Andrea Rossi (born 3 June 1950) is an Italian convicted fraudster[1] and claimed inventor.[2][3][4]

He claimed to have invented a process to convert organic waste into oil for which, in 1978, he founded a company named Petroldragon. In the early 1990s, the company was disbanded and Rossi jailed following accusations of dumping environmental toxins, as well as tax fraud.[5]

In 2008 he attempted to patent a device called an Energy Catalyzer (or E-Cat), which is a purported cold fusion or Low-Energy Nuclear Reaction (LENR) thermal power source.[6]


Andrea Rossi was born on June 3, 1950 in Milan. In 1973, Rossi graduated in philosophy at the University of Milan,[7] with a thesis on Albert Einstein's theory of relativity and its interrelationship with Edmund Husserl's phenomenology.[8][9][10]
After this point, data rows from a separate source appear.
lemma CR_dual_eq:
  "CR_dual A y \<gamma> \<mu> p
    = (norm y)\<^sup>2 - dual_shift p \<bullet> primal_of p + (\<Sum>i\<in>UNIV. dual_penalty \<gamma> \<mu> (p $ i))"
  by (simp add: CR_dual_def dual_shift_def primal_of_def dual_penalty_def Let_def)

lemma dual_shift_inner_primal: "dual_shift p \<bullet> primal_of p = (norm (A *v primal_of p))\<^sup>2"
  by (simp flip: normal_equation add: dot_lmul_matrix power2_norm_eq_inner)

lemma CR_obj_eq_dual_plus_gap:
  assumes "\<forall>i. z $ i = 0 \<longrightarrow> x $ i = 0"
  shows "CR_obj A y \<gamma> \<mu> x z = ereal (CR_dual A y \<gamma> \<mu> p + (norm (A *v (x - primal_of p)))\<^sup>2
    + (\<Sum>i\<in>UNIV. coord_lagrangian \<gamma> \<mu> (p $ i) (x $ i) (z $ i) - dual_penalty \<gamma> \<mu> (p $ i)))"
proof -
  define pers where "pers i = (if z $ i = 0 then 0 else (x $ i)\<^sup>2 / z $ i)" for i
  have "persp (x $ i) (z $ i) = ereal (pers i)" for i
    using assms by (simp add: persp_def pers_def)
  then have obj: "CR_obj A y \<gamma> \<mu> x z
      = ereal ((norm (y - A *v x))\<^sup>2 + (1 / \<gamma>) * (\<Sum>i\<in>UNIV. pers i) + \<mu> * (\<Sum>i\<in>UNIV. z $ i))"
    by (simp add: CR_obj_def)
  have "(\<Sum>i\<in>UNIV. coord_lagrangian \<gamma> \<mu> (p $ i) (x $ i) (z $ i))
      = (1 / \<gamma>) * (\<Sum>i\<in>UNIV. pers i) + \<mu> * (\<Sum>i\<in>UNIV. z $ i) - (p \<bullet> x) / \<gamma>"
    by (simp add: coord_lagrangian_def pers_def sum.distrib sum_subtractf sum_distrib_left
        inner_vec_def sum_divide_distrib)
  moreover have "(p \<bullet> x) / \<gamma> = 2 * ((transpose A *v y - dual_shift p) \<bullet> x)"
    using gamma_pos by (simp add: dual_shift_def field_simps)
  moreover note least_squares_gap[OF normal_equation[of p], of y x]
  ultimately show ?thesis
    unfolding obj CR_dual_eq by (simp add: sum_subtractf)
qed

lemma CR_obj_infinite:
  assumes "z $ i = 0" and "x $ i \<noteq> 0"
  shows "CR_obj A y \<gamma> \<mu> x z = \<infinity>"
proof -
  have "persp (x $ i) (z $ i) = \<infinity>"
    using assms by (simp add: persp_def)
  then have "(\<Sum>i\<in>UNIV. persp (x $ i) (z $ i)) = \<infinity>"
    by (auto simp: sum_Pinfty)
  then show ?thesis
    using gamma_pos by (simp add: CR_obj_def)
qed

lemma weak_duality:
  assumes "\<forall>i. 0 \<le> z $ i \<and> z $ i \<le> 1"
  shows "ereal (CR_dual A y \<gamma> \<mu> p) \<le> CR_obj A y \<gamma> \<mu> x z"
proof (cases "\<forall>i. z $ i = 0 \<longrightarrow> x $ i = 0")
  case True
  have "dual_penalty \<gamma> \<mu> (p $ i) \<le> coord_lagrangian \<gamma> \<mu> (p $ i) (x $ i) (z $ i)" for i
    using assms True gamma_pos by (simp add: dual_penalty_le_coord_lagrangian)
  then have "0 \<le> (\<Sum>i\<in>UNIV. coord_lagrangian \<gamma> \<mu> (p $ i) (x $ i) (z $ i) - dual_penalty \<gamma> \<mu> (p $ i))"
    by (simp add: sum_nonneg)
  then show ?thesis
    unfolding CR_obj_eq_dual_plus_gap[OF True, of p] by simp
next
  case False
  then show ?thesis
    using CR_obj_infinite by auto
qed

lemma CR_dual_le_coordinate:
  "CR_dual A y \<gamma> \<mu> p \<le> (norm y)\<^sup>2 + \<mu> - (p $ i)\<^sup>2 / (4 * \<gamma>)"
proof -
  have "(\<Sum>j\<in>UNIV. dual_penalty \<gamma> \<mu> (p $ j)) \<le> dual_penalty \<gamma> \<mu> (p $ i)"
    using member_le_sum[of i UNIV "\<lambda>j. - dual_penalty \<gamma> \<mu> (p $ j)"]
    by (simp add: dual_penalty_def sum_negf)
  also have "\<dots> \<le> \<mu> - (p $ i)\<^sup>2 / (4 * \<gamma>)"
    by (simp add: dual_penalty_def)
  finally show ?thesis
    using zero_le_power2[of "norm (A *v primal_of p)"]
    unfolding CR_dual_eq dual_shift_inner_primal by linarith
qed

lemma continuous_CR_dual: "continuous_on UNIV (CR_dual A y \<gamma> \<mu>)"
  unfolding CR_dual_eq[abs_def] dual_shift_def primal_of_def dual_penalty_def
  using gamma_pos by (intro continuous_intros) auto
text \<open>The characteristic polynomial of the matrix M is x^2 - tr(M) x + det(M).\<close>
definition splits_char_poly :: "('a, 'b) ring_scheme \<Rightarrow> 'a set \<Rightarrow> 'a mat2 \<Rightarrow> bool" where
  "splits_char_poly K F M \<longleftrightarrow> is_splitting_field_quad K F (mat2_trace K M) (mat2_det K M)"

end

theory Submission
  imports Defs
begin

(* Write X = (a,b,c,d) for the matrix [[a,b],[c,d]], s = tr X, t = det X.  Over a commutative
   ring the commutator [X,Y] is traceless, [X,Y] = (p,q,w,-p), so -det[X,Y] = p^2 + q w, and its
   entries satisfy q c = -p (a - d) - w b.  When c is invertible this rewrites p^2 + q w as
   x^2 + s x y + t y^2, the norm of x + y r for a root r of x^2 - s x + t.

   After these ring identities, we work in a field R with a subfield F of dimension 2: any r
   outside F gives the basis (1, r), and "R is the splitting field of x^2 - s x + t" becomes
   "x^2 - s x + t has a root outside F", which forces c <> 0.  Then
   - a commutator value -det[X,Y] is the norm of x + y r (neg_det_commutator_imp_norm);
   - a norm N(alpha), alpha outside F, equals det X for the matrix X of alpha (whose
     characteristic polynomial has root alpha by Cayley-Hamilton), and det X = -det[X,Y] for
     Y = (1, d/c, 0, 0); for alpha in F, N(alpha) = alpha^2 = -det[X,(0,alpha,0,0)] with X a
     companion matrix of an element outside F (norm_imp_neg_det_commutator). *)

lemma (in ring) minus_zero_imp_eq:
  assumes "a \<in> carrier R" "b \<in> carrier R" "a \<ominus> b = \<zero>"
  shows "a = b"
proof -
  have "a = (a \<ominus> b) \<oplus> b" using assms(1,2) by algebra
  then show ?thesis using assms by simp
qed

lemma (in cring) mat2_commutator_traceless:
  assumes "a \<in> carrier R" "b \<in> carrier R" "c \<in> carrier R" "d \<in> carrier R"
    and "e \<in> carrier R" "f \<in> carrier R" "g \<in> carrier R" "h \<in> carrier R"
  shows "mat2_commutator R (a, b, c, d) (e, f, g, h) =
    (b \<otimes> g \<ominus> c \<otimes> f, (a \<ominus> d) \<otimes> f \<ominus> (e \<ominus> h) \<otimes> b,
     (e \<ominus> h) \<otimes> c \<ominus> (a \<ominus> d) \<otimes> g, \<ominus> (b \<otimes> g \<ominus> c \<otimes> f))"
proof -
  have "a \<otimes> e \<oplus> b \<otimes> g \<ominus> (e \<otimes> a \<oplus> f \<otimes> c) = b \<otimes> g \<ominus> c \<otimes> f"
    and "a \<otimes> f \<oplus> b \<otimes> h \<ominus> (e \<otimes> b \<oplus> f \<otimes> d) = (a \<ominus> d) \<otimes> f \<ominus> (e \<ominus> h) \<otimes> b"
    and "c \<otimes> e \<oplus> d \<otimes> g \<ominus> (g \<otimes> a \<oplus> h \<otimes> c) = (e \<ominus> h) \<otimes> c \<ominus> (a \<ominus> d) \<otimes> g"
    and "c \<otimes> f \<oplus> d \<otimes> h \<ominus> (g \<otimes> b \<oplus> h \<otimes> d) = \<ominus> (b \<otimes> g \<ominus> c \<otimes> f)"
    using assms by algebra+
  then show ?thesis
    unfolding mat2_commutator_def mat2_minus_def mat2_mult_def by simp
qed

lemma (in cring) neg_det_traceless:
  assumes "p \<in> carrier R" "q \<in> carrier R" "r \<in> carrier R"
  shows "\<ominus> mat2_det R (p, q, r, \<ominus> p) = p \<otimes> p \<oplus> q \<otimes> r"
  unfolding mat2_det_def using assms by simp algebra

text \<open>Commutators with two special matrices; they realise determinants and squares as
  minus determinants of commutators.\<close>
lemma (in cring) neg_det_commutator_elementary:
  assumes "a \<in> carrier R" "b \<in> carrier R" "c \<in> carrier R" "d \<in> carrier R" "f \<in> carrier R"
  shows "\<ominus> mat2_det R (mat2_commutator R (a, b, c, d) (\<one>, f, \<zero>, \<zero>)) =
    (a \<otimes> d \<ominus> b \<otimes> c) \<oplus> (f \<otimes> c \<ominus> d) \<otimes> (f \<otimes> c \<oplus> a)"
  unfolding mat2_det_def mat2_commutator_def mat2_minus_def mat2_mult_def prod.case
  using assms by algebra

lemma (in cring) neg_det_commutator_nilpotent:
  assumes "a \<in> carrier R" "b \<in> carrier R" "c \<in> carrier R" "d \<in> carrier R" "z \<in> carrier R"
  shows "\<ominus> mat2_det R (mat2_commutator R (a, b, c, d) (\<zero>, z, \<zero>, \<zero>)) = (c \<otimes> z) \<otimes> (c \<otimes> z)"
  unfolding mat2_det_def mat2_commutator_def mat2_minus_def mat2_mult_def prod.case
  using assms by algebra

lemma (in field) traceless_form_as_norm_form:
  assumes "p \<in> carrier R" "q \<in> carrier R" "w \<in> carrier R"
    and "a \<in> carrier R" "b \<in> carrier R" "c \<in> carrier R" "d \<in> carrier R" "c \<noteq> \<zero>"
    and qc: "q \<otimes> c = \<ominus> (p \<otimes> (a \<ominus> d)) \<ominus> w \<otimes> b"
  defines "y \<equiv> w \<otimes> inv c"
  defines "x \<equiv> \<ominus> p \<ominus> y \<otimes> d"
  shows "p \<otimes> p \<oplus> q \<otimes> w = x \<otimes> x \<oplus> x \<otimes> y \<otimes> (a \<oplus> d) \<oplus> y \<otimes> y \<otimes> (a \<otimes> d \<ominus> b \<otimes> c)"
proof -
  have invc: "inv c \<in> carrier R" "inv c \<otimes> c = \<one>"
    using assms(6,8) field_Units by auto
  have xy: "x \<in> carrier R" "y \<in> carrier R" using assms invc by (simp_all add: x_def y_def)
  have yc: "y \<otimes> c = w" using assms invc by (simp add: y_def m_assoc)
  have xc: "x \<otimes> c = \<ominus> (p \<otimes> c) \<ominus> w \<otimes> d"
  proof -
    have "x \<otimes> c = \<ominus> (p \<otimes> c) \<ominus> (y \<otimes> c) \<otimes> d"
      unfolding x_def using assms(1,6,7) xy(2) by algebra
    then show ?thesis by (simp only: yc)
  qed
  text \<open>Multiply by c^2, substitute x c and y c, and use the relation for q c.\<close>
  have "(x \<otimes> x \<oplus> x \<otimes> y \<otimes> (a \<oplus> d) \<oplus> y \<otimes> y \<otimes> (a \<otimes> d \<ominus> b \<otimes> c)) \<otimes> (c \<otimes> c)
      = (x \<otimes> c) \<otimes> (x \<otimes> c) \<oplus> (x \<otimes> c) \<otimes> (y \<otimes> c) \<otimes> (a \<oplus> d)
        \<oplus> (y \<otimes> c) \<otimes> (y \<otimes> c) \<otimes> (a \<otimes> d \<ominus> b \<otimes> c)"
    using assms(1-7) xy by algebra
  also have "\<dots> = (\<ominus> (p \<otimes> c) \<ominus> w \<otimes> d) \<otimes> (\<ominus> (p \<otimes> c) \<ominus> w \<otimes> d)
        \<oplus> (\<ominus> (p \<otimes> c) \<ominus> w \<otimes> d) \<otimes> w \<otimes> (a \<oplus> d) \<oplus> w \<otimes> w \<otimes> (a \<otimes> d \<ominus> b \<otimes> c)"
    by (simp only: xc yc)
  also have "\<dots> = p \<otimes> p \<otimes> (c \<otimes> c) \<oplus> (\<ominus> (p \<otimes> (a \<ominus> d)) \<ominus> w \<otimes> b) \<otimes> (w \<otimes> c)"
    using assms(1-7) by algebra
  also have "\<dots> = p \<otimes> p \<otimes> (c \<otimes> c) \<oplus> (q \<otimes> c) \<otimes> (w \<otimes> c)"
    by (simp only: qc)
  also have "\<dots> = (p \<otimes> p \<oplus> q \<otimes> w) \<otimes> (c \<otimes> c)"
    using assms(1-7) by algebra
  finally have "(x \<otimes> x \<oplus> x \<otimes> y \<otimes> (a \<oplus> d) \<oplus> y \<otimes> y \<otimes> (a \<otimes> d \<ominus> b \<otimes> c)) \<otimes> (c \<otimes> c)
      = (p \<otimes> p \<oplus> q \<otimes> w) \<otimes> (c \<otimes> c)" .
  moreover have "c \<otimes> c \<noteq> \<zero>" using assms(6,8) integral_iff by auto
  ultimately show ?thesis using assms xy by (simp add: m_rcancel)
qed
Andrea Rossi is married to Maddalena Pascucci.[11]

Business ventures[edit]


In 1974, Rossi registered a patent for an incineration system. In 1978, he wrote The Incineration of Waste and River Purification, published in Milan by Tecniche Nuove. He then founded Petroldragon, a company for developing oil from waste, which collapsed in the 1990s amidst allegations of dumping toxic waste,[12] and accusations of tax fraud. Its assets were seized, together with Rossi's personal assets, and Rossi was arrested pending trial. Rossi spent four years in prison working on his legal defense in 56 trials, 5 of which ended in convictions related to tax fraud. Rossi wrote that he was acquitted in the other 51 trials.[13] According to court documents found by journalists at Swedish Radio, Rossi was convicted to prison on three accounts of environmental crime that he was never acquitted of.[14] The government of Lombardy spent over forty million euros to dispose of the 70,000 tonnes of toxic waste that Petroldragon had improperly dumped.[5] According to the mayor of Lacchiarella, Luigi Acerbi, "In the years when [Rossi] was working here, he didn't produce a single drop of oil, as far as we know."[13]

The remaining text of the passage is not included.